Start the container with the following Docker commands:

docker pull jeremycohoe/tig_mdt

docker run -ti -p 3000:3000 -p 57500:57500 jeremycohoe/tig_mdt

Port 3000 is the Grafana HTTP interface and port 57500 and 57501 have been configured for the gRPC Dial-Out + TLS use cases.

Grafana Dashboards

There is an example Grafana dashboard available at https://grafana.com/grafana/dashboards/13462 which can be imported into an existing Grafana deployment. Following the details and instructions on the Grafana.com site as needed to replicate this setup.

The example dashboard looks similar to the below:

Model-Driven Telemetry

Network data collection for today's high-density platforms and scale is becoming a tedious task for monitoring and troubleshooting. There is a need for operational data from different devices in the network to be collected in a centralized location, so that cross-functional groups can collaboratively work to analyze and fix an issue.

Model-driven Telemetry (MDT) provides a mechanism to stream data from an MDT-capable device to a destination. It uses a new approach for network monitoring in which data is streamed from network devices continuously using a push model and provides near real-time access to operational statistics for monitoring data. Applications can subscribe to specific data items they need, by using standards-based YANG data models over open protocols. Structured data is published at a defined cadence or on-change, based upon the subscription criteria and data type.

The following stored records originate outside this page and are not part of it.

lemma invariant_subspace_span_insert:
  assumes Z: "invariant_subspace \<rho> K Z" and w: "common_eigenvector_mod \<rho> K Z w"
  shows "invariant_subspace \<rho> K (vec.span (insert w Z))"
proof -
  have Zs: "vec.subspace Z" and Zinv: "\<And>k. k \<in> K \<Longrightarrow> (*v) (\<rho> k) ` Z \<subseteq> Z"
    using Z by (auto simp: invariant_subspace_def)
  have span_Z: "vec.span Z = Z"
    using Zs by (simp only: vec.span_eq_iff)
  have span: "vec.span (insert w Z) = {x. \<exists>t. x - t *s w \<in> Z}"
    using vec.span_insert[of w Z] unfolding span_Z .
  have "\<rho> k *v x \<in> vec.span (insert w Z)" if k: "k \<in> K" and x: "x - t *s w \<in> Z" for k x t
  proof -
    obtain c where c: "\<rho> k *v w - c *s w \<in> Z"
      using w k by (auto simp: common_eigenvector_mod_def eigenspace_mod_def)
    have "\<rho> k *v x - (t * c) *s w = \<rho> k *v (x - t *s w) + t *s (\<rho> k *v w - c *s w)"
      by (simp add: vec.diff vec.scale vec.scale_scale vec.scale_right_diff_distrib algebra_simps)
    also have "\<dots> \<in> Z"
      using Zinv[OF k] x c by (blast intro: vec.subspace_add[OF Zs] vec.subspace_scale[OF Zs])
    finally show ?thesis unfolding span by blast
  qed
  then show ?thesis
    unfolding invariant_subspace_def using vec.subspace_span[of "insert w Z"] by (auto simp: span)
qed

locale continuous_representation = topgroup G T for G :: "('g, 'b) monoid_scheme" (structure) and T +
  fixes \<rho> :: "'g \<Rightarrow> complex^'n^'n"
  assumes hom_GL: "\<rho> \<in> hom G GL"
    and continuous_map_rep: "continuous_map T euclidean \<rho>"
begin

lemma rep_mult: "x \<in> carrier G \<Longrightarrow> y \<in> carrier G \<Longrightarrow> \<rho> (x \<otimes> y) = \<rho> x ** \<rho> y"
  using hom_GL by (simp add: hom_def GL_def)

lemma rep_one: "\<rho> \<one> = mat 1"
proof -
  obtain A where "A ** \<rho> \<one> = mat 1"
    using hom_GL by (force simp: hom_def GL_def Pi_def invertible_def)
  moreover have "\<rho> \<one> = \<rho> \<one> ** \<rho> \<one>"
    using rep_mult[of \<one> \<one>] by simp
  ultimately show ?thesis
    by (metis matrix_mul_assoc matrix_mul_lid)
qed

There are two main MDT Publication/Subscription models, Dial-in and Dial-out:

Dial-in is a dynamic model. An application based on this model has to open a session to the network device and send one or more subscriptions reusing the same session. The network device will send the publications to the application for as long as the session stays up. NETCONF and gNMI are the Dial-In telemetry interfaces.

Dial-out is a configured model. The subscriptions need to be statically configured on the network device using any of the available interfaces (CLI, APIs, etc.) and the device will open a session with the application. If the session goes down, the device will try to open a new session. gRPC is the Dial-Out telemetry interface.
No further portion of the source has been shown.